Груздев отошел в угол, развернул письмо. Оно было маленьким и, как всегда дышало ею. Начиная от самой первой строчки. Как видно, Оля писала его еще в том городке, из которого он уехал тогда с Сидоренко. Вспоминала привисленский лес: «Толя, родной... Я приехала, а ты уже ушел. Ждала, выходила на дорогу, смотрела, а тебя не было.

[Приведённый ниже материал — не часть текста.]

definition alpha2 :: "trigraph \<Rightarrow> nat" where
  "alpha2 G = Max {card S | S. S \<subseteq> verts G
       \<and> (\<forall>x \<in> S. \<forall>y \<in> S. x \<noteq> y \<longrightarrow> dist_ge3 G x y)}"

definition alpha2_feasible :: "trigraph \<Rightarrow> (nat \<Rightarrow> real) \<Rightarrow> bool" where
  "alpha2_feasible G w \<longleftrightarrow>
     (\<forall>x \<in> verts G. (\<Sum>y \<in> closed_nbhd G x. w y) \<le> 1)
     \<and> (\<forall>x \<in> verts G. 0 \<le> w x \<and> w x \<le> 1)"

definition alpha2_star :: "trigraph \<Rightarrow> real" where
  "alpha2_star G = Sup {(\<Sum>x \<in> verts G. w x) | w. alpha2_feasible G w}"

end

theory Submission
  imports Defs
begin

text \<open>
  Let \<open>w\<close> be a feasible fractional solution of positive weight.  Follow a \<open>t\<close>-sequence of \<open>G\<close>
  and keep track of the parts of \<open>V(G)\<close> represented by the current trigraph: a black edge means
  the two parts are completely joined, a non-edge that they are anticomplete.  The last trigraph
  has a single part \<open>V(G)\<close>, so some part is heavy (weight \<open>> 1\<close>) after some contraction, and
  the first time this happens all parts weigh at most \<open>2\<close>.  No vertex is completely joined to a
  heavy part \<open>P\<close>, because its closed neighbourhood would weigh more than \<open>1\<close>; hence
  \<open>N[P]\<close> lies in \<open>P\<close> and its at most \<open>t\<close> red neighbour parts.  So every \<open>v \<in> P\<close> has a second
  neighbourhood \<open>N[N[v]]\<close> of weight bounded in terms of \<open>t\<close>.  Put \<open>v\<close> into the packing, delete
  \<open>N[N[v]]\<close> from the support of \<open>w\<close> and repeat.
\<close>

lemma finite_verts_if_graph: "is_graph G \<Longrightarrow> finite (verts G)"
  unfolding is_graph_def is_trigraph_def by blast

lemma adj_commute: "adj H x y \<longleftrightarrow> adj H y x"
  unfolding adj_def by (simp add: insert_commute)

До самого утра не спала. Думала, может, ты придешь. Уже показалось солнце, и мне нужно было уезжать».
Писала так, как если бы они виделись каждый день. «В тот вечер ты не пришел, и я разговаривала с тобой на расстоянии. Даже не разговаривала, а смотрела на тебя и мне все равно было хорошо. Я знала, что ты рядом. А потом письма за все три года. Я их ждала, и они пришли...»

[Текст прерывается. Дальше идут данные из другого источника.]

(* Assume $A\ge \varepsilon^2/16$. Let $\phi^{-1},\phi^0\in\mathcal{G}_N$ with $\overline{\phi^{-1}}=\overline{\phi^0}$, and let $(\phi^k)_{k\ge -1}$ be generated by the scheme \[ \frac{\frac32\phi^{k+1}-2\phi^k+\frac12\phi^{k-1}}{\Delta t}=\Delta_N\mu_i^{k+1},\quad k\ge0, \] with either $i=1$ or $i=2$, where \[ \mu_1^{k+1}=-\nabla_N\cdot(|\nabla_N\phi^{k+1}|^2\nabla_N\phi^{k+1})+a\phi^{k+1}+2\Delta_N(2\phi^k-\phi^{k-1})-A\Delta t\,\Delta_N(\phi^{k+1}-\phi^k)+\Delta_N^2\phi^{k+1}, \] \[ \mu_2^{k+1}=-\nabla_N\cdot(|\nabla_N\phi^{k+1}|^2\nabla_N\phi^{k+1})-\varepsilon(2\phi^k-\phi^{k-1})-A\Delta t\,\Delta_N(\phi^{k+1}-\phi^k)+(1+\Delta_N)^2\phi^{k+1}. \] Define the modified energies \[ \mathcal{E}_{N,1}(\phi^{k+1},\phi^k)=E_N(\phi^{k+1})+\frac{1}{4\Delta t}\|\phi^{k+1}-\phi^k\|_{-1,N}^2+\|\nabla_N(\phi^{k+1}-\phi^k)\|_2^2, \] \[ \mathcal{E}_{N,2}(\phi^{k+1},\phi^k)=E_N(\phi^{k+1})+\frac{1}{4\Delta t}\|\phi^{k+1}-\phi^k\|_{-1,N}^2+\frac{\varepsilon}{2}\|\phi^{k+1}-\phi^k\|_2^2 . \] Then for $k\ge1$, the solution of scheme $i$ satisfies $\mathcal{E}_{N,i}(\phi^{k+1},\phi^k)\le\mathcal{E}_{N,i}(\phi^k,\phi^{k-1})$.
   Context: Let $K\in\mathbb{N}$, $N=2K+1$, $h=1/N$, $\Omega=(0,1)^3$, grid points $(ih,jh,kh)$. $\mathcal{G}_N$ is the space of real grid functions on $\mathbb{Z}^3$ that are $N$-periodic in each index; $\langle f,g\rangle=h^3\sum_{i,j,k=0}^{N-1}f_{i,j,k}g_{i,j,k}$, $\|f\|_p=(h^3\sum|f_{i,j,k}|^p)^{1/p}$ (pointwise Euclidean norm for vector-valued grid functions), $\overline f=\langle f,1\rangle$, and $\mathring{\mathcal{G}}_N=\{f:\overline f=0\}$. Each $f\in\mathcal{G}_N$ has discrete Fourier expansion $f_{i,j,k}=\sum_{\ell,m,n=-K}^K\hat f_{\ell,m,n}\exp(2\pi\mathrm{i}(\ell x_i+my_j+nz_k))$; $\mathcal{D}_x$ multiplies coefficients by $2\pi\mathrm{i}\ell$ (similarly $\mathcal{D}_y,\mathcal{D}_z$), $\nabla_Nf=(\mathcal{D}_xf,\mathcal{D}_yf,\mathcal{D}_zf)$, $\nabla_N\cdot(f_1,f_2,f_3)=\mathcal{D}_xf_1+\mathcal{D}_yf_2+\mathcal{D}_zf_3$, $\Delta_N$ multiplies coefficients by $-4\pi^2(\ell^2+m^2+n^2)$; nonlinear products are pointwise. For $f\in\mathring{\mathcal{G}}_N$, $(-\Delta_N)^{-1}f$ is the zero-mean grid function with coefficients $\hat f_{\ell,m,n}/(4\pi^2(\ell^2+m^2+n^2))$ for $(\ell,m,n)\ne0$, and $\|f\|_{-1,N}=\langle f,(-\Delta_N)^{-1}f\rangle^{1/2}$. The discrete energy is $E_N(\phi)=\frac14\|\nabla_N\phi\|_4^4+\frac a2\|\phi\|_2^2-\|\nabla_N\phi\|_2^2+\frac12\|\Delta_N\phi\|_2^2$. Parameters: $\Delta t>0$, $0<\varepsilon<1$, $a=1-\varepsilon>0$, $A$ a constant. *)

theory Defs
  imports Complex_Main
begin

type_synonym grid = "int \<times> int \<times> int \<Rightarrow> real"

definition gN :: "nat \<Rightarrow> int" where "gN K = 2 * int K + 1"

definition hN :: "nat \<Rightarrow> real" where "hN K = 1 / real_of_int (gN K)"

definition periodic_grid :: "nat \<Rightarrow> grid \<Rightarrow> bool" where
  "periodic_grid K f \<longleftrightarrow> (\<forall>i j k.
      f (i + gN K, j, k) = f (i, j, k) \<and> f (i, j + gN K, k) = f (i, j, k) \<and>
      f (i, j, k + gN K) = f (i, j, k))"

definition cell :: "nat \<Rightarrow> (int \<times> int \<times> int) set" where
  "cell K = {0..<gN K} \<times> {0..<gN K} \<times> {0..<gN K}"

definition freqs :: "nat \<Rightarrow> (int \<times> int \<times> int) set" where
  "freqs K = {-int K..int K} \<times> {-int K..int K} \<times> {-int K..int K}"

text \<open>Discrete Fourier coefficients: f_{ijk} = sum hat f_{lmn} exp(2 pi i (l x_i + m y_j + n z_k)).\<close>
definition dft_coeff :: "nat \<Rightarrow> grid \<Rightarrow> int \<times> int \<times> int \<Rightarrow> complex" where
  "dft_coeff K f = (\<lambda>(l, m, n). (\<Sum>(i, j, k)\<in>cell K.
      complex_of_real (f (i, j, k)) *
      exp (- 2 * complex_of_real pi * \<i> *
           complex_of_real (real_of_int (l * i + m * j + n * k) * hN K)))
      / complex_of_real (real_of_int (gN K) ^ 3))"

definition spec_op :: "nat \<Rightarrow> (int \<times> int \<times> int \<Rightarrow> complex) \<Rightarrow> grid \<Rightarrow> grid" where
  "spec_op K \<sigma> f = (\<lambda>(i, j, k). Re (\<Sum>(l, m, n)\<in>freqs K.
      \<sigma> (l, m, n) * dft_coeff K f (l, m, n) *
      exp (2 * complex_of_real pi * \<i> *
           complex_of_real (real_of_int (l * i + m * j + n * k) * hN K))))"

definition Dx :: "nat \<Rightarrow> grid \<Rightarrow> grid" where
  "Dx K = spec_op K (\<lambda>(l, m, n). 2 * complex_of_real pi * \<i> * of_int l)"
definition Dy :: "nat \<Rightarrow> grid \<Rightarrow> grid" where
  "Dy K = spec_op K (\<lambda>(l, m, n). 2 * complex_of_real pi * \<i> * of_int m)"
definition Dz :: "nat \<Rightarrow> grid \<Rightarrow> grid" where
  "Dz K = spec_op K (\<lambda>(l, m, n). 2 * complex_of_real pi * \<i> * of_int n)"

Но она писала так, как если бы не было этих трех лет и там, в станице, ничего не случилось. Почему? Да, конечно, к этому нельзя прикасаться. Нельзя. Как к незажившей ране. И Оля это понимает. И она думает так же, как он. Но по-иному и не могло быть. Он и она стали частью друг друга.
— Старшой!
В дверях стоял Алябьев.
— Старшой, ты здесь? Майор Барабаш вызывает весь взвод.